#### Task to complete:
If a line of the records holds the word "from", copy it out.

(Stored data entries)
Content starts
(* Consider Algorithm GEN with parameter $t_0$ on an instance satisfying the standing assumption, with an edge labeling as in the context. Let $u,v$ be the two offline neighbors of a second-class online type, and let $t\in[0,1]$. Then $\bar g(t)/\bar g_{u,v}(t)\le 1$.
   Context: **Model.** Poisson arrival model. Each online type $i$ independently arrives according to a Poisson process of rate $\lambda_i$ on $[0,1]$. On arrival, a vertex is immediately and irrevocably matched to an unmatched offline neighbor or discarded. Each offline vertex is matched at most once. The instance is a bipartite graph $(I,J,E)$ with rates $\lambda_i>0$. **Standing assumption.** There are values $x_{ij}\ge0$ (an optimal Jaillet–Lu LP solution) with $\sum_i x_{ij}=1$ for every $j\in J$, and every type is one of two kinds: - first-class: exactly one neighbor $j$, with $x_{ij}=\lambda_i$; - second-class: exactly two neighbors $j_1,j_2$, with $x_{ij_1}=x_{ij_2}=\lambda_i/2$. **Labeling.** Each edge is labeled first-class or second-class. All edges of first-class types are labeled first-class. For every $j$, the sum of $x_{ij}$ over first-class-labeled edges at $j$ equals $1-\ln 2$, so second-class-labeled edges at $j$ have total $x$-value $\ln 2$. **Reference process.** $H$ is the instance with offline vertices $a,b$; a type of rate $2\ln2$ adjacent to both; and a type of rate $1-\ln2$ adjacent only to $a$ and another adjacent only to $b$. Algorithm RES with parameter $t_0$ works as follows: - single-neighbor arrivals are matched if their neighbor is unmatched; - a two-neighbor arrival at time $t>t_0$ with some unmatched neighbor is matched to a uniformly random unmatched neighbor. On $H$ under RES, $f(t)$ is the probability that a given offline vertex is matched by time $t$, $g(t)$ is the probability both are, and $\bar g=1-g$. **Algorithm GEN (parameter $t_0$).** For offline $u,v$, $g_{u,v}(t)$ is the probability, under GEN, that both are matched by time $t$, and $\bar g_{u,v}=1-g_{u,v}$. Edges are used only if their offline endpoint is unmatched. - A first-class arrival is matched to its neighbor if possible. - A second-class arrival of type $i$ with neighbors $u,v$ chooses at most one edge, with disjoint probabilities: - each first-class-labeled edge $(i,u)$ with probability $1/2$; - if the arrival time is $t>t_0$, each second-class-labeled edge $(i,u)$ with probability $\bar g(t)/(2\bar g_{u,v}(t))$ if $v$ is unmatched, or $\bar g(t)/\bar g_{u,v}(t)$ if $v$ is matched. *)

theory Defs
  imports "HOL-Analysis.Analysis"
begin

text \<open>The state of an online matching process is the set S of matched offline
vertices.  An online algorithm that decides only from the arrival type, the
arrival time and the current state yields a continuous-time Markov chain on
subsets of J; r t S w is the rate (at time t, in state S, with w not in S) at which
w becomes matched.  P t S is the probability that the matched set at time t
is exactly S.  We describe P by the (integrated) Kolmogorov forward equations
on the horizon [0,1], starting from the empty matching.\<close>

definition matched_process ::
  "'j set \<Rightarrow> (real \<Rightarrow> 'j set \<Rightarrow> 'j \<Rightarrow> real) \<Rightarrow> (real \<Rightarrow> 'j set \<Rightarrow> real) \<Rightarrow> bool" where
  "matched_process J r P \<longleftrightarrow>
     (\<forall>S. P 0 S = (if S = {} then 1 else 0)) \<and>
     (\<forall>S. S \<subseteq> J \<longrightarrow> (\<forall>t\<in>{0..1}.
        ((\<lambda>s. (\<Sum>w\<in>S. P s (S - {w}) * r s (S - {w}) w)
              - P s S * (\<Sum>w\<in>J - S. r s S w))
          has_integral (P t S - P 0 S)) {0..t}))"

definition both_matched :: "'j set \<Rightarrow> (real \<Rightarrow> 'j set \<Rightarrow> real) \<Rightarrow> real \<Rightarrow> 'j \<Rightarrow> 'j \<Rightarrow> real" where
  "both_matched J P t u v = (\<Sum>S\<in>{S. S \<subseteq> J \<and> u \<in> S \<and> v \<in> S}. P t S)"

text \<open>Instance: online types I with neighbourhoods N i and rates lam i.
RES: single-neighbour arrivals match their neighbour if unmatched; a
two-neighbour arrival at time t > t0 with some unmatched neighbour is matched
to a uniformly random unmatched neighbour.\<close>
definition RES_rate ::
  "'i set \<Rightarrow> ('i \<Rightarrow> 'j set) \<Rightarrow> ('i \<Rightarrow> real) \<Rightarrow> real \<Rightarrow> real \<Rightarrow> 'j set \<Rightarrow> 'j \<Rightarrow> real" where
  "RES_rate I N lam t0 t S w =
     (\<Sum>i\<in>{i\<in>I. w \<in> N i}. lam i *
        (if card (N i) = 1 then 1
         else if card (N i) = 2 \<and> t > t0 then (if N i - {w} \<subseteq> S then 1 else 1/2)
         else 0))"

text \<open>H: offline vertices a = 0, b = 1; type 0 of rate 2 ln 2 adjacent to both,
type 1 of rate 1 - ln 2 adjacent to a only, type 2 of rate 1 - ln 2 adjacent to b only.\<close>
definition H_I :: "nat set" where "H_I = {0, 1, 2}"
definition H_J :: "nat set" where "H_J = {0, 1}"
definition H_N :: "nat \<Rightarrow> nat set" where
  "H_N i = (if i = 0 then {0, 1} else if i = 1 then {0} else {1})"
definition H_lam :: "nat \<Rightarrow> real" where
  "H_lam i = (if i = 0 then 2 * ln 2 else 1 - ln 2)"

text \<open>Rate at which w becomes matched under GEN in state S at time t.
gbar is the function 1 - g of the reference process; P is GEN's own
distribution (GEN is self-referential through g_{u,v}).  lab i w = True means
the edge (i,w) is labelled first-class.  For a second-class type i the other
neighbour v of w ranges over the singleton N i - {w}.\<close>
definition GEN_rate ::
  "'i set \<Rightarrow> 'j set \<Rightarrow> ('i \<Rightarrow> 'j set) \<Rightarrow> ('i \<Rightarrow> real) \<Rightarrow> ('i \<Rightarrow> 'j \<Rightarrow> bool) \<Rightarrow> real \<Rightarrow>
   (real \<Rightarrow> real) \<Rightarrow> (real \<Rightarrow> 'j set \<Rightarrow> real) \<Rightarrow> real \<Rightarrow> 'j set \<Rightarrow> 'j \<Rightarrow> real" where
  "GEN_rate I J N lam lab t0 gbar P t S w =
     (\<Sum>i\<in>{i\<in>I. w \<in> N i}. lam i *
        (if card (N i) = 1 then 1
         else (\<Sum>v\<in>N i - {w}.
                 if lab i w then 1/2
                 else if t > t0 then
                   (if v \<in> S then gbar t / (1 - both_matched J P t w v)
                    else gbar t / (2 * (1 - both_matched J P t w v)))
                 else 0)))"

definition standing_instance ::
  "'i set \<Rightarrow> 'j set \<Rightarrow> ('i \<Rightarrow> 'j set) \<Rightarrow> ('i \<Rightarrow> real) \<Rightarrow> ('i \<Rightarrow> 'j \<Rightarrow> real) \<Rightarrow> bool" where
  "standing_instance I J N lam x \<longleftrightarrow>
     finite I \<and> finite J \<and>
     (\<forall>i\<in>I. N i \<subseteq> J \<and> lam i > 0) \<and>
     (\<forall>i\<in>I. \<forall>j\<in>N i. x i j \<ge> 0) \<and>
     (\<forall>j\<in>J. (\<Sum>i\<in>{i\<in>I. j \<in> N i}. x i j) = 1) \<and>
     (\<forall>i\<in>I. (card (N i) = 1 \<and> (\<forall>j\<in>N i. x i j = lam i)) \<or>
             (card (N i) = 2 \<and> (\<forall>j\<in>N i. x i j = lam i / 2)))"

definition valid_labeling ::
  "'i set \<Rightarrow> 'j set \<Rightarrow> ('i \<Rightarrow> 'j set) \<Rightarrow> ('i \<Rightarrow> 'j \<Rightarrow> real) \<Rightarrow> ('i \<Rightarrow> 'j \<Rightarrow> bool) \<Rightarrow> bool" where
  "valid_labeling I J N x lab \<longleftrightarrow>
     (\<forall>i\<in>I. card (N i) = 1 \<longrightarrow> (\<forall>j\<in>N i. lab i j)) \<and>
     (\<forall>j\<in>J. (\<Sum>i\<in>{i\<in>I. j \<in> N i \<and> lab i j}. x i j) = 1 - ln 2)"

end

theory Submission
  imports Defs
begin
Content ends
#### Completed task:
vertices.  An online algorithm that decides only from the arrival type, the
on the horizon [0,1], starting from the empty matching.\<close>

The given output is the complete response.